Task statement: Read through the lines below and copy the ones holding the string "moreover".

Records:

lemma homogeneous_cycle_mult_d:
  assumes "a \<in> G m" "d a = 0"
  shows "a * d b = d ((if even m then a else - a) * b)"
  using leibniz_homogeneous[OF assms(1), of b] assms(2) by (simp add: d.minus)

lemma cycles_mult_closed:
  assumes "d s = 0" "d x = 0"
  shows "d (s * x) = 0"
proof -
  obtain c where c: "graded_decomposition G c s" "\<And>n. d (c n) = 0"
    using graded_decomposition_cycleE[OF assms(1)] by blast
  have "d (c n * x) = 0" for n
    using leibniz_homogeneous[of "c n" n x] c assms(2) by (simp add: graded_decomposition_def)
  then show ?thesis
    using c(1) by (simp add: graded_decomposition_def sum_distrib_right d.sum)
qed

lemma cycle_mult_d_eq_d_mult:
  assumes "d s = 0"
  obtains t where "s * d x = d (t * x)"
proof -
  obtain c where c: "graded_decomposition G c s" "\<And>n. d (c n) = 0"
    using graded_decomposition_cycleE[OF assms(1)] by blast
  let ?sign = "\<lambda>n. if even n then c n else - c n"
  have "s * d x = (\<Sum>n\<in>{n. c n \<noteq> 0}. c n * d x)"
    using c(1) by (simp add: graded_decomposition_def sum_distrib_right)
  also have "\<dots> = d ((\<Sum>n\<in>{n. c n \<noteq> 0}. ?sign n) * x)"
  proof -
    have "c n * d x = d (?sign n * x)" for n
      using homogeneous_cycle_mult_d c by (simp add: graded_decomposition_def)
    then show ?thesis
      by (simp add: sum_distrib_right d.sum)
  qed
  finally show thesis
    by (rule that)
qed

lemma graded_ideal_Int_cycles:
  assumes I: "graded_ideal_in UNIV G I"
  shows "graded_ideal_in (cycles d) G (I \<inter> cycles d)"
proof -
  have "homogeneous_decomp G (I \<inter> cycles d) x" if x: "x \<in> I \<inter> cycles d" for x
  proof -
    obtain c where c: "graded_decomposition G c x" "\<And>n. c n \<in> I"
      using graded_ideal_in_homogeneous_decomp[OF I] x by (auto simp: homogeneous_decomp_iff)
    have "d (c n) = 0" for n
      using cycle_components[OF c(1)] x by (simp add: cycles_def)
    then show ?thesis
      using c by (auto simp: homogeneous_decomp_iff cycles_def)
  qed
  moreover have "s * x \<in> I \<inter> cycles d" if "s \<in> cycles d" "x \<in> I \<inter> cycles d" for s x
    using that graded_ideal_in_mult[OF I] cycles_mult_closed by (simp add: cycles_def)
  moreover have "x - y \<in> I \<inter> cycles d" if "x \<in> I \<inter> cycles d" "y \<in> I \<inter> cycles d" for x y
    using that graded_ideal_in_diff[OF I] by (simp add: cycles_def d.diff)
  moreover have "0 \<in> I \<inter> cycles d"
    using graded_ideal_in_zero[OF I] by (simp add: cycles_def d.zero)
  ultimately show ?thesis
    unfolding graded_ideal_in_def by blast
qed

Task solution:
  moreover have "s * x \<in> I \<inter> cycles d" if "s \<in> cycles d" "x \<in> I \<inter> cycles d" for s x
  moreover have "x - y \<in> I \<inter> cycles d" if "x \<in> I \<inter> cycles d" "y \<in> I \<inter> cycles d" for x y
  moreover have "0 \<in> I \<inter> cycles d"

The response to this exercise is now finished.